英国規制当局 顧客資金の保管制度について諮問

フォレックス・マグネイト日本版より配信】

英FSAは、投資関連ビジネスを行う企業が預かる顧客資金及び保管資産(併せて「顧客資産」と呼ぶ)について多くの改革案を諮問案(CP)及び審議案(DP)として公開した。

欧州金融市場基本規則(EMIR)による改革依頼に加えて、英FSAは、企業が顧客資産の保護のやり方について早急な対応が求められる改革案を提案した。FSAは、投資関連企業が破綻した場合に、顧客資産が適切に保護されるよう最適な方法を見出すために意見を求めている。

本日の提案は、3つの首題に纏められる。

その1:EMIRに伴う変更
EMIRによって導入される対策の一つは、クリアリング・メンバー(決済機構会員、ブローカー等)が破綻した場合に、他のバック・アップ・クリアリング・メンバーに顧客のポジションや関連資金をスムーズに移管できるように、中央決済機構(CCP)又はクリアリング・ハウス(決済機関)を準備することだ。

これらの変更は、現行のルール上で行われている、顧客資金を分別管理により分別し、(破綻の際に)顧客に資金を返還するやり方の代わりに、CCP制度で取引口座を持つ顧客の資金は、分別口座から分離し、直接、資金の移管、返還ができるようにすることを意味する。

その2:複数の分別保管制度の導入
EMIR規則の導入は、CCPに預けてある顧客資金を保護するやり方について、企業に裁量を与えている。FSAはさらに踏み込んで、投資関連ビジネスに関係する、すべての企業が顧客資金を保管する際に同様の裁量を与える方向で提案している。これは、20年以上に亘って行われてきた顧客資金管理体制に重大な変更を与える「顧客資金の複数分別管理」の導入を意味する。

現行の顧客資金管理は、投資関連企業が破綻した場合、単一分別管理がベースとなっている。しかし、今回の提案は、各企業が顧客と同意すれば、合法的に、顧客資金をサブ・プールに分別することができるとしており、(既存の単一プールに比べて)多くの優位点を含んでいる。

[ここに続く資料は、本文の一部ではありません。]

lemma weakly_lsc_iff_openin:
  "weakly_lsc f \<longleftrightarrow> (\<forall>c. openin weak_topology {x. c < f x})"
proof -
  have "{x. c < f x} = UNIV - {x. f x \<le> c}" for c
    by auto
  then show ?thesis
    unfolding weakly_lsc_def closedin_def by simp
qed

lemma weakly_lsc_add:
  assumes "weakly_lsc f" "weakly_lsc h"
  shows "weakly_lsc (\<lambda>x. f x + h x)"
  unfolding weakly_lsc_iff_openin
proof
  fix c
  have "{x. c < f x + h x} = (\<Union>a. {x. a < f x} \<inter> {x. c - a < h x})"
  proof safe
    fix x assume "c < f x + h x"
    then have "x \<in> {y. (f x + c - h x) / 2 < f y} \<inter> {y. c - (f x + c - h x) / 2 < h y}"
      by (simp add: field_simps)
    then show "x \<in> (\<Union>a. {x. a < f x} \<inter> {x. c - a < h x})"
      by blast
  qed auto
  moreover have "openin weak_topology (\<Union>a. {x. a < f x} \<inter> {x. c - a < h x})"
    using assms unfolding weakly_lsc_iff_openin by (intro openin_Union) auto
  ultimately show "openin weak_topology {x. c < f x + h x}"
    by simp
qed

text \<open>Closed balls are intersections of closed half-spaces, by Hahn--Banach.\<close>
lemma closedin_weak_topology_cball: "closedin weak_topology (cball (c::'a::real_normed_vector) r)"
proof -
  have "UNIV - cball c r = (\<Union>\<phi>\<in>{\<phi>. norm \<phi> \<le> 1}. {x. r + blinfun_apply \<phi> c < blinfun_apply \<phi> x})"
  proof safe
    fix x assume "x \<notin> cball c r"
    moreover obtain \<phi> :: "'a \<Rightarrow>\<^sub>L real" where "norm \<phi> \<le> 1" "blinfun_apply \<phi> (x - c) = norm (x - c)"
      using norming_functional_exists by blast
    ultimately show "x \<in> (\<Union>\<phi>\<in>{\<phi>. norm \<phi> \<le> 1}. {x. r + blinfun_apply \<phi> c < blinfun_apply \<phi> x})"
      by (auto simp: dist_norm norm_minus_commute blinfun.diff_right)
  next
    fix x and \<phi> :: "'a \<Rightarrow>\<^sub>L real"
    assume "norm \<phi> \<le> 1" "r + blinfun_apply \<phi> c < blinfun_apply \<phi> x" "x \<in> cball c r"
    have "blinfun_apply \<phi> (x - c) \<le> norm \<phi> * norm (x - c)"
      using norm_blinfun[of \<phi> "x - c"] by simp
    also have "\<dots> \<le> 1 * r"
      using \<open>norm \<phi> \<le> 1\<close> \<open>x \<in> cball c r\<close>
      by (intro mult_mono) (auto simp: dist_norm norm_minus_commute)
    finally show False
      using \<open>r + blinfun_apply \<phi> c < blinfun_apply \<phi> x\<close> by (simp add: blinfun.diff_right)
  qed auto
  moreover have "openin weak_topology (\<Union>\<phi>\<in>{\<phi>. norm \<phi> \<le> 1}. {x. r + blinfun_apply \<phi> c < blinfun_apply \<phi> x})"
    using openin_weak_topology_vimage[of "{r + _ <..}"] by (intro openin_Union) (auto simp: vimage_def)
  ultimately show ?thesis
    by (simp add: closedin_def)
qed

今回の案では、顧客資金の特定のサブ・プールでの顧客資金の不足が起きないように、サブ・プールごとの管理体制を導入する。ある企業のすべての顧客が特定のサブ・プールの損失を全体で負担し合うことがない様にする。サブ・プールについて不要な論議を避け、顧客資金の返還率と返還スピードをあげるため、特定のサブ・プールから直接、顧客資金を返還できるようにすることを目指している。

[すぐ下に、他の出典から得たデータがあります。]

(* For every positive integer $k$, $g_{k,U}=B_U(k)!\,\dfrac{\left(\prod_{j=1}^{k-1}j!\right)^2}{\prod_{j=1}^{2k-1}j!}=B_U(k)!\,2^{k-k^2}\prod_{j=1}^{k-1}\dfrac{1}{(2j-1)!!\,(2j+1)!!}$, $g_{k,O}=B_O(k)!\,2^{B_O(k)+k-1}\prod_{j=1}^{k-1}\dfrac{j!}{(2j)!}=B_O(k)!\,2^{k-1}\prod_{j=1}^{k-1}\dfrac{1}{(2j-1)!!}$, $g_{k,Sp}=B_{Sp}(k)!\,2^{B_{Sp}(k)}\prod_{j=1}^{k}\dfrac{j!}{(2j)!}=B_{Sp}(k)!\prod_{j=1}^{k}\dfrac{1}{(2j-1)!!}$.
   Context: $n!!$ denotes the double factorial. For $\lambda\in\mathbb{C}$ let $B_U(\lambda)=\lambda^2$, $B_O(\lambda)=\tfrac12\lambda(\lambda-1)$, $B_{Sp}(\lambda)=\tfrac12\lambda(\lambda+1)$. Define $G_U(\lambda)=\lim_{N\to\infty}N^{-\lambda^2}\prod_{j=1}^{N}\frac{\Gamma(j)\Gamma(j+2\lambda)}{\Gamma(j+\lambda)^2}$, $G_O(\lambda)=\tfrac12\lim_{N\to\infty}N^{-\lambda(\lambda-1)/2}\,2^{2N\lambda}\prod_{j=1}^{N}\frac{\Gamma(N+j-1)\Gamma(j-\frac12+\lambda)}{\Gamma(N+j-1+\lambda)\Gamma(j-\frac12)}$, $G_{Sp}(\lambda)=\lim_{N\to\infty}N^{-\lambda(\lambda+1)/2}\,2^{2N\lambda}\prod_{j=1}^{N}\frac{\Gamma(N+j+1)\Gamma(j+\frac12+\lambda)}{\Gamma(N+j+1+\lambda)\Gamma(j+\frac12)}$, and $g_{\lambda,X}=\Gamma(1+B_X(\lambda))\,G_X(\lambda)$ for $X\in\{U,O,Sp\}$. *)

theory Defs
  imports "HOL-Analysis.Analysis"
begin

fun dfact :: "nat \<Rightarrow> nat" where
  "dfact 0 = 1"
| "dfact (Suc 0) = 1"
| "dfact (Suc (Suc n)) = Suc (Suc n) * dfact n"

definition B_U :: "complex \<Rightarrow> complex" where
  "B_U z = z ^ 2"
definition B_O :: "complex \<Rightarrow> complex" where
  "B_O z = z * (z - 1) / 2"
definition B_Sp :: "complex \<Rightarrow> complex" where
  "B_Sp z = z * (z + 1) / 2"

definition seq_U :: "complex \<Rightarrow> nat \<Rightarrow> complex" where
  "seq_U z N = of_nat N powr (- (z ^ 2)) *
     (\<Prod>j=1..N. Gamma (of_nat j) * Gamma (of_nat j + 2 * z) / (Gamma (of_nat j + z))^2)"

definition seq_O :: "complex \<Rightarrow> nat \<Rightarrow> complex" where
  "seq_O z N = of_nat N powr (- (z * (z - 1) / 2)) * 2 powr (2 * of_nat N * z) *
     (\<Prod>j=1..N. Gamma (of_nat N + of_nat j - 1) * Gamma (of_nat j - 1/2 + z) /
                 (Gamma (of_nat N + of_nat j - 1 + z) * Gamma (of_nat j - 1/2)))"
(* Let $n\ge1$, let $\mathcal{S}$ be a discrete subgroup of $O(n+1)$ satisfying the spanning property, let $q\neq0$, and let $\Omega^{(-\infty,q)}$ be a maximizer over $\mathcal{K}_0(\mathcal{S})$ of $$\mathcal{F}_{-\infty,q}(\Omega)=V_q(\Omega)\big/\big(\min_{\mathbb{S}^n}h_\Omega\big)^q.$$ (1) If $q>0$, then $\Omega^{(-\infty,q)}$ is an $\mathcal{S}$-invariant polytope. (2) If $q<0$, then $\Omega^{(-\infty,q)}$ is a ball $B_R\subset\mathbb{R}^{n+1}$ for some $R>0$.
   Context: $\mathcal{K}_0(\mathcal{S})$: convex bodies in $\mathbb{R}^{n+1}$ containing the origin and invariant under all $\phi\in\mathcal{S}$; $h_\Omega$ support function; $r_\Omega(y)=\sup\{\lambda>0:\lambda y\in\Omega\}$ radial function; $V_q(\Omega)=\int_{\mathbb{S}^n}r_\Omega^q(y)\,dy$. Spanning property: for every $a\in\mathbb{S}^n$, $\mathrm{conv}\{\phi(a):\phi\in\mathcal{S}\}$ is a non-degenerate $(n+1)$-dimensional polytope. *)

theory Defs
  imports "HOL-Analysis.Analysis"
begin

definition orth_subgroup :: "('a::euclidean_space \<Rightarrow> 'a) set \<Rightarrow> bool" where
  "orth_subgroup S \<longleftrightarrow>
     (\<forall>\<phi>\<in>S. orthogonal_transformation \<phi>) \<and> id \<in> S \<and>
     (\<forall>\<phi>\<in>S. \<forall>\<psi>\<in>S. \<phi> \<circ> \<psi> \<in> S) \<and> (\<forall>\<phi>\<in>S. inv \<phi> \<in> S)"

text \<open>Discreteness with respect to the operator norm topology on O(n+1):
  every element has a neighbourhood containing no other element of S.\<close>
definition discrete_orth :: "('a::euclidean_space \<Rightarrow> 'a) set \<Rightarrow> bool" where
  "discrete_orth S \<longleftrightarrow>
     (\<forall>\<phi>\<in>S. \<exists>e>0. \<forall>\<psi>\<in>S. \<psi> \<noteq> \<phi> \<longrightarrow> (\<exists>x. norm x = 1 \<and> e \<le> norm (\<phi> x - \<psi> x)))"

definition spanning_property :: "('a::euclidean_space \<Rightarrow> 'a) set \<Rightarrow> bool" where
  "spanning_property S \<longleftrightarrow>
     (\<forall>a\<in>sphere 0 1. polytope (convex hull ((\<lambda>\<phi>. \<phi> a) ` S)) \<and>
        aff_dim (convex hull ((\<lambda>\<phi>. \<phi> a) ` S)) = int DIM('a))"

definition K0 :: "('a::euclidean_space \<Rightarrow> 'a) set \<Rightarrow> 'a set set" where
  "K0 S = {\<Omega>. compact \<Omega> \<and> convex \<Omega> \<and> interior \<Omega> \<noteq> {} \<and> 0 \<in> \<Omega> \<and>
                (\<forall>\<phi>\<in>S. \<phi> ` \<Omega> = \<Omega>)}"

definition support_fun :: "'a::euclidean_space set \<Rightarrow> 'a \<Rightarrow> real" where
  "support_fun \<Omega> u = (SUP x\<in>\<Omega>. x \<bullet> u)"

FSAは、投資関連ビジネスの関連企業が、顧客と合意の上で、顧客資金のサブ・プールを設定できるように提案している。例えば、ある企業は、他の投資関連ビジネスと区分して、プライム・ブローカレッジ・ビジネス向けに、顧客資金のサブ・プールを作りたいと思うだろう。一方、顧客は他の顧客資金と区別される、自分自身のサブ・プールを持つことに同意するだろ。FSAは、各企業が顧客の各サブ・プールを、例えば、ホールセール向け顧客分又はリテール向け顧客分などと分けることも視野に入れている。

その3:顧客資金管理体制、より良い結果を得るために
その3は、審議案(DP)で示した、FSAがすでに開始している顧客資金と保管資産の管理体制の基本的な見直しである。この見直しは、企業が破綻した際に、より良い結果を素早く導く管理体制を実現することに焦点があてられている。一方、認識しておかなければならないのは、倒産関連法規は、FSAルールではなく、(会社法等の)基本法であるということだ。この見直しは、これまでに発生した、リーマンブラザーズやMFグローバルの破綻例から浮かび上がった、業界のニーズに基づいている。

見直しの目的:
投資関連ビジネスの企業が破綻した際には、速やかに最大限の顧客資金を返還し、破綻の影響を極力抑える必要がある。審議案(DP)は、FSAが考えている多くの変更案を開示している。一方、FSAは、この件に関する英国の健全な体制を堅持するための一般からの提案を受け付けている。

FSAの顧客資金管理部門のリーダーであるRichard Sutcliffe氏は、「新たな顧客資金の保護制度を整備することは、現在のFSAの優先事項の一つであり、英国の金融市場が今後も投資家にとって安心して投資できる市場であるための長い道のりだ。EMIRの要請に加え、FSAは、業界へのさらなる安全弁を提供したい。顧客資金のサブ・プール管理手法の導入は、20年以上を経て、はじめて起きる著しい変革だ。今回の抜本的な見直しは、これまでの破綻劇からの教訓を踏まえた、ディベート(討議)を求めている。」と述べた。